To be able to ask those questions of a system, the application must be appropriately instrumented. That is, the application code must emit signals such as traces, metrics, and logs (the tree pillars of observability). When developers don't need to add further instrumentation to troubleshoot an issue because they have all of the information they need, an application is appropriately instrumented.

What is Telemetry?

Telemetry is one of the most reliable ways to monitor the stability and health of software in the realm of software development and application monitoring. Telemetry aids developers in maintaining awareness of the software's performance and alerts them when an issue arises with the application. Applications are no longer monolithic. Maintainers and developers clearly need a simple method to collect data from these complex, and diverse systems, and transmit it for monitoring and analysis.

What is OpenTelemetry?

OpenTelemetry is an open source observability framework that provides a unified way to instrument, generate, collect, and export telemetry data (metrics, logs, and traces) from software applications. It is vendor-neutral and supports a wide range of languages and platforms.

The figure below shows the rough architecture and capabilities of an OpenTelemetry implementation.

So... why is this a big deal?

Hasura supporting OpenTelemetry standards means a couple of important things for you and your organization.

Saves time

You will not have to deal with the inconvenience of installing various proprietary agents for various backend systems or re-instrumenting code. As a result, there is no need to create new connections as new technologies emerge because the OpenTelemetry collector will continue to trace data and export it without any issues.

Avoid vendor lock-in

When an APM vendor is no-longer suitable for your organization (cost, capabilities, etc.) you don't need to worry about their own custom monitoring tools or agents or connectors. You can freely move across to a better or cheaper APM vendor who will support OpenTelemetry almost seamlessly. You keep your end-to-end visibility with any APM vendor.

Transparency

With OpenTelemetry, you define what data is transmitted outside your application. No more wondering what a proprietary agent might be collecting and sending. You have full visibility and control over collected and transmitted data from your organization or application.

So, how can I use OpenTelemetry with Hasura?

Hasura fully supports OpenTelemetry for its logs, traces, and metrics. This applies to Hasura Cloud (Enterprise) and Hasura self-hosted (Enterprise).

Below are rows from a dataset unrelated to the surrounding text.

lemma lattice_width_convex_hull_limit:
  fixes sq :: "nat \<Rightarrow> nat \<Rightarrow> 'a::euclidean_space"
  assumes "is_lattice L" "n > 0" "\<And>k. w \<le> lattice_width L (convex hull (sq k ` {..<n}))"
    and "\<And>i. i < n \<Longrightarrow> (\<lambda>k. sq k i) \<longlonglongrightarrow> l i"
  shows "w \<le> lattice_width L (convex hull (l ` {..<n}))"
proof (rule lattice_width_greatest[OF dual_lattice_nontrivial[OF assms(1)]])
  fix y assume y: "y \<in> dual_lattice L" "y \<noteq> 0"
  have hull: "dir_width y (convex hull (s ` {..<n})) = dir_width y (s ` {..<n})" for s :: "nat \<Rightarrow> 'a"
    using assms(2) by (intro dir_width_convex_hull) auto
  define \<Delta> where "\<Delta> k = (\<Sum>i<n. norm (sq k i - l i))" for k
  have "\<Delta> \<longlonglongrightarrow> (\<Sum>i<n. 0)"
    unfolding \<Delta>_def[abs_def] using assms(4) by (intro tendsto_sum tendsto_norm_zero LIM_zero) auto
  then have "(\<lambda>k. dir_width y (l ` {..<n}) + 2 * norm y * \<Delta> k) \<longlonglongrightarrow> dir_width y (l ` {..<n}) + 2 * norm y * 0"
    by (intro tendsto_intros) simp
  moreover have "w \<le> dir_width y (l ` {..<n}) + 2 * norm y * \<Delta> k" for k
  proof -
    have "w \<le> lattice_width L (convex hull (sq k ` {..<n}))" by (rule assms(3))
    also have "\<dots> \<le> dir_width y (convex hull (sq k ` {..<n}))"
      using assms(2) y by (intro lattice_width_le_dir_width) (auto simp: finite_imp_bounded_convex_hull)
    also have "\<dots> \<le> dir_width y (l ` {..<n}) + 2 * norm y * \<Delta> k"
      unfolding hull \<Delta>_def using assms(2) by (intro dir_width_perturb) auto
    finally show ?thesis .
  qed
  ultimately have "w \<le> dir_width y (l ` {..<n})" by (intro tendsto_lowerbound[OF _ _ trivial_limit_sequentially]) auto
  then show "w \<le> dir_width y (convex hull (l ` {..<n}))" by (simp add: hull)
qed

Navigate to your Settings/Monitoring and Observability section from both Cloud and Enterprise console, enable OpenTelemetry Exporter and configure your endpoints according to our documentation here. And that's it. Your Hasura signals are now available on your preferred APM tool.

Introducing the Hasura observability stack

Enterprise observability doesn't have to cost you a lot. Sure, there is a wide variety of APM platforms you can choose from. But one of the greatest observability stacks is available for free.

As a reference, we at Hasura have created a pre-built, pre-configured, fully open-source-based observability stack for you. It comes with everything you need to have an enterprise grade observability using open source tools. Prometheus for your metrics, Grafana for visualizations, Jaeger for your tracing data, and AlertManager for event monitoring and alerting. Giving it a try is as easy as downloading a dockerfile and running docker compose. It brings up the latest Hasura GraphQL engine and all the components needed for end-to-end observability.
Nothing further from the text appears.